Stored records:
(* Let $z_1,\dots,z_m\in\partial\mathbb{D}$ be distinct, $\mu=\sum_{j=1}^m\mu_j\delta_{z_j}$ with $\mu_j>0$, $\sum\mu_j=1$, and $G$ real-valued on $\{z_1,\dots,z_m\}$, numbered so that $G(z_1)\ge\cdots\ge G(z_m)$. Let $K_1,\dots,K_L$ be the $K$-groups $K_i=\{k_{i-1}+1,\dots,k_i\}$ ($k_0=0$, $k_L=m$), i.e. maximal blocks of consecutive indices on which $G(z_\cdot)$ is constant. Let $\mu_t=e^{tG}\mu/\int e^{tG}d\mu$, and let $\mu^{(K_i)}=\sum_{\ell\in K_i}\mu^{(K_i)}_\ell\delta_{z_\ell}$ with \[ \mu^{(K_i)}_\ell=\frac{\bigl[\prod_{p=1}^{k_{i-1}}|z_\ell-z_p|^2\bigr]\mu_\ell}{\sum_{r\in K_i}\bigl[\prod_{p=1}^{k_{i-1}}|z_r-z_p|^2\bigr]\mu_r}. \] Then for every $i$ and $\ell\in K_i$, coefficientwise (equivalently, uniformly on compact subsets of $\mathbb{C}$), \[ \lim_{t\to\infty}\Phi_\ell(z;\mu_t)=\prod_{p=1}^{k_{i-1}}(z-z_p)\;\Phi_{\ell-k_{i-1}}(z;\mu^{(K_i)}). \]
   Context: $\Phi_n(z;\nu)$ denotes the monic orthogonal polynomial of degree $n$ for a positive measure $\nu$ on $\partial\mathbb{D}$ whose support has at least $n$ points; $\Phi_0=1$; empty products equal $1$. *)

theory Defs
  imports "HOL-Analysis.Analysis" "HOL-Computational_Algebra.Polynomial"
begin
---
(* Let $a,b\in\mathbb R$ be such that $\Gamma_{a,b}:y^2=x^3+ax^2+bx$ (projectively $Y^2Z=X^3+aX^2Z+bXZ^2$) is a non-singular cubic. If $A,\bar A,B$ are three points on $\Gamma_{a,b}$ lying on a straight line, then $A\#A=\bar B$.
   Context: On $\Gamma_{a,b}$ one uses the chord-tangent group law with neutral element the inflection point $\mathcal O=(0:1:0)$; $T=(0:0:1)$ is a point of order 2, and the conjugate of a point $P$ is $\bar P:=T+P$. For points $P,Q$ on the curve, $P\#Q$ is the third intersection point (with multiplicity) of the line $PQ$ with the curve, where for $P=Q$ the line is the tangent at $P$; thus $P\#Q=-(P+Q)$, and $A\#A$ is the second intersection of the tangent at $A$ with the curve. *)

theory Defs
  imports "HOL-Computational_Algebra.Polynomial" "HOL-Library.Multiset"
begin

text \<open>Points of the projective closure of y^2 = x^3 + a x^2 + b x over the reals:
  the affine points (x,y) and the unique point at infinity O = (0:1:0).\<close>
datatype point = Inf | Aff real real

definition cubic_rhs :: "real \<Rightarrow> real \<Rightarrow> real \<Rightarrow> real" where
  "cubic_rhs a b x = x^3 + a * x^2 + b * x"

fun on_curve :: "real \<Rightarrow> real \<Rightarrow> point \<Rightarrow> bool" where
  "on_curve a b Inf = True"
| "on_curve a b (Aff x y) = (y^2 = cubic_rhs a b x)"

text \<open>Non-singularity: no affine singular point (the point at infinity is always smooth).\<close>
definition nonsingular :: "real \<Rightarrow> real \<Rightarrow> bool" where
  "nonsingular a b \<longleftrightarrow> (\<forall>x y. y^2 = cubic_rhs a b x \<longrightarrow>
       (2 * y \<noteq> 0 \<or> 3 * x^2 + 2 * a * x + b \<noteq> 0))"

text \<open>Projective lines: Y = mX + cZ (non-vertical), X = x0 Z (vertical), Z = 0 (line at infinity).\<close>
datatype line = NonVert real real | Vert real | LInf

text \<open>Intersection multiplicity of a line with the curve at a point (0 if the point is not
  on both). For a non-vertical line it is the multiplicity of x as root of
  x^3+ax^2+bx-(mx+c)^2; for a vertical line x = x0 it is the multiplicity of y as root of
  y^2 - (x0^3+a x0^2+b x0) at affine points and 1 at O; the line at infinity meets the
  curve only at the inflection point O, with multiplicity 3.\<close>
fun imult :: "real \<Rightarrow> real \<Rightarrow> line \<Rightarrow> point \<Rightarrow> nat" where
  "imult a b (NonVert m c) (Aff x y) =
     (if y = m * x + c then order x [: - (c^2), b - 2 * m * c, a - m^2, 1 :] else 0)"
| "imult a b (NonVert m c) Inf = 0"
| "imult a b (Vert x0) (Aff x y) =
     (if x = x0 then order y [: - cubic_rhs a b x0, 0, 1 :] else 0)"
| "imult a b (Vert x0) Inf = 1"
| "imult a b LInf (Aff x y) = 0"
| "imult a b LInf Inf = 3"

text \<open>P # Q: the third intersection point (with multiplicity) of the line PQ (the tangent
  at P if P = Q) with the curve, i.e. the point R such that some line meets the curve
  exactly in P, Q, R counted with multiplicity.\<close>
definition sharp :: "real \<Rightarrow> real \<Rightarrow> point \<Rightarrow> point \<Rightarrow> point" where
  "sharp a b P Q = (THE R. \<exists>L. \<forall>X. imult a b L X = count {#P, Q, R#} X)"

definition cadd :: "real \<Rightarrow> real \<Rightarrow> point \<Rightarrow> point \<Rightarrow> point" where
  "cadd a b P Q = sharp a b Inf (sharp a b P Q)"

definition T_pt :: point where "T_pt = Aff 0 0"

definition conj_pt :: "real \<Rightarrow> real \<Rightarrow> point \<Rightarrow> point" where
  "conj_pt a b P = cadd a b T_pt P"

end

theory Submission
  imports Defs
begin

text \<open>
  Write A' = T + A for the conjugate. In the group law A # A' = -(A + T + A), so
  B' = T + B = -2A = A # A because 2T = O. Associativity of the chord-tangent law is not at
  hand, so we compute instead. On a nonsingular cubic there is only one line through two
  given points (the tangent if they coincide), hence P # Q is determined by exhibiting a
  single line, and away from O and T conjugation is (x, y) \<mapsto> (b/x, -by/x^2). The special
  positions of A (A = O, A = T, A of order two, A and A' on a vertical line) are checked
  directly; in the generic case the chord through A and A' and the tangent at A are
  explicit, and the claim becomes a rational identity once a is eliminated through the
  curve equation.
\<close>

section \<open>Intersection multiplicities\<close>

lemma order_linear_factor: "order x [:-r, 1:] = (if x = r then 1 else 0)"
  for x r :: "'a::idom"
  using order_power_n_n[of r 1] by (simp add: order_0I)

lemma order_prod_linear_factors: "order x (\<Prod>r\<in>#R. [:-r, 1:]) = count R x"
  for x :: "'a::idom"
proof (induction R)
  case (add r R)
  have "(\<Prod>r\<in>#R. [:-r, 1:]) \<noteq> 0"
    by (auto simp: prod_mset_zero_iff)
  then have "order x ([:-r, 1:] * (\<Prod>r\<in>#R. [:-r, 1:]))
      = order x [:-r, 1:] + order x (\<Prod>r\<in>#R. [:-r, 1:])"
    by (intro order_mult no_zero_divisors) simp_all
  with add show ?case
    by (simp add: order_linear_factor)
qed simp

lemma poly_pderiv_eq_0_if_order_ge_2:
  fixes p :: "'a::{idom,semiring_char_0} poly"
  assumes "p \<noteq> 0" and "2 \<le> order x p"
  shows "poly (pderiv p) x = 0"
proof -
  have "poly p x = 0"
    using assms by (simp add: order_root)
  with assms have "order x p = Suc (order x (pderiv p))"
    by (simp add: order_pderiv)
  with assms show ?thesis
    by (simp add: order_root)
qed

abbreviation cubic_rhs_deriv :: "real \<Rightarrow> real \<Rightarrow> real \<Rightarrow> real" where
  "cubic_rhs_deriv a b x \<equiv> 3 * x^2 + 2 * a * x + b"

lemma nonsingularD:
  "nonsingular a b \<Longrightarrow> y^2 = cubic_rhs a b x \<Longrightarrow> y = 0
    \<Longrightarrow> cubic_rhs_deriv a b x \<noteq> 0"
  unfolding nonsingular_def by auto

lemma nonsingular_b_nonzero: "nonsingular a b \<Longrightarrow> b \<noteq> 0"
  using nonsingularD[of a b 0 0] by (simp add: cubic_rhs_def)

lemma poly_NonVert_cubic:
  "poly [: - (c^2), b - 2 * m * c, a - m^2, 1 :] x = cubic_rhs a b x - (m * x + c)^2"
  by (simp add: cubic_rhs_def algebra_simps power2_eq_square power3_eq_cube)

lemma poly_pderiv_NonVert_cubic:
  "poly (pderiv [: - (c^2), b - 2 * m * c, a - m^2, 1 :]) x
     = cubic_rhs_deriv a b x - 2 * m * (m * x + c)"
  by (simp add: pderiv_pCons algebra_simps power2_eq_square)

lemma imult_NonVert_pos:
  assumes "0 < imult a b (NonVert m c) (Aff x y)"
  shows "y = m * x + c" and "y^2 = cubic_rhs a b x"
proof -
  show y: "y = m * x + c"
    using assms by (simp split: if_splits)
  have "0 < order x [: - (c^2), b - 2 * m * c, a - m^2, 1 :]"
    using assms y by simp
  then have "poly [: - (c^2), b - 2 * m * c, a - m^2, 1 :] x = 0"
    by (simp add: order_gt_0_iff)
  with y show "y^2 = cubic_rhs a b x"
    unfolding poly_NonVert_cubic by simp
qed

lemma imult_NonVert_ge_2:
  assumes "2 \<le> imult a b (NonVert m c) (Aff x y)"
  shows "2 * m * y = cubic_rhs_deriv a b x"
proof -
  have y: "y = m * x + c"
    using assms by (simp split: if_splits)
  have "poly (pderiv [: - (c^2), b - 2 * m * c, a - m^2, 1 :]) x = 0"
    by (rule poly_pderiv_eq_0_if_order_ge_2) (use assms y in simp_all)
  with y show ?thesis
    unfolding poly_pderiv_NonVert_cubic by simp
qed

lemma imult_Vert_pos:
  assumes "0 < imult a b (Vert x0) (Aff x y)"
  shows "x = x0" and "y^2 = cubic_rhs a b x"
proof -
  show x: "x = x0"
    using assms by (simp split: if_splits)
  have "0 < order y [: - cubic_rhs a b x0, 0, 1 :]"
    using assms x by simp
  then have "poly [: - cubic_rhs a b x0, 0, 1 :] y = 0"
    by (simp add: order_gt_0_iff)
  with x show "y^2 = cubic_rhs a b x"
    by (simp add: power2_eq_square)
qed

- WHAT THE TASK REQUIRES
Which lines above run from the one containing "real \<Rightarrow> line" down to the one containing "given points (the"? Repeat exactly those, both ends included, and nothing else.

- THE COMPLETED TASK
fun imult :: "real \<Rightarrow> real \<Rightarrow> line \<Rightarrow> point \<Rightarrow> nat" where
  "imult a b (NonVert m c) (Aff x y) =
     (if y = m * x + c then order x [: - (c^2), b - 2 * m * c, a - m^2, 1 :] else 0)"
| "imult a b (NonVert m c) Inf = 0"
| "imult a b (Vert x0) (Aff x y) =
     (if x = x0 then order y [: - cubic_rhs a b x0, 0, 1 :] else 0)"
| "imult a b (Vert x0) Inf = 1"
| "imult a b LInf (Aff x y) = 0"
| "imult a b LInf Inf = 3"

text \<open>P # Q: the third intersection point (with multiplicity) of the line PQ (the tangent
  at P if P = Q) with the curve, i.e. the point R such that some line meets the curve
  exactly in P, Q, R counted with multiplicity.\<close>
definition sharp :: "real \<Rightarrow> real \<Rightarrow> point \<Rightarrow> point \<Rightarrow> point" where
  "sharp a b P Q = (THE R. \<exists>L. \<forall>X. imult a b L X = count {#P, Q, R#} X)"

definition cadd :: "real \<Rightarrow> real \<Rightarrow> point \<Rightarrow> point \<Rightarrow> point" where
  "cadd a b P Q = sharp a b Inf (sharp a b P Q)"

definition T_pt :: point where "T_pt = Aff 0 0"

definition conj_pt :: "real \<Rightarrow> real \<Rightarrow> point \<Rightarrow> point" where
  "conj_pt a b P = cadd a b T_pt P"

end

theory Submission
  imports Defs
begin

text \<open>
  Write A' = T + A for the conjugate. In the group law A # A' = -(A + T + A), so
  B' = T + B = -2A = A # A because 2T = O. Associativity of the chord-tangent law is not at
  hand, so we compute instead. On a nonsingular cubic there is only one line through two
  given points (the tangent if they coincide), hence P # Q is determined by exhibiting a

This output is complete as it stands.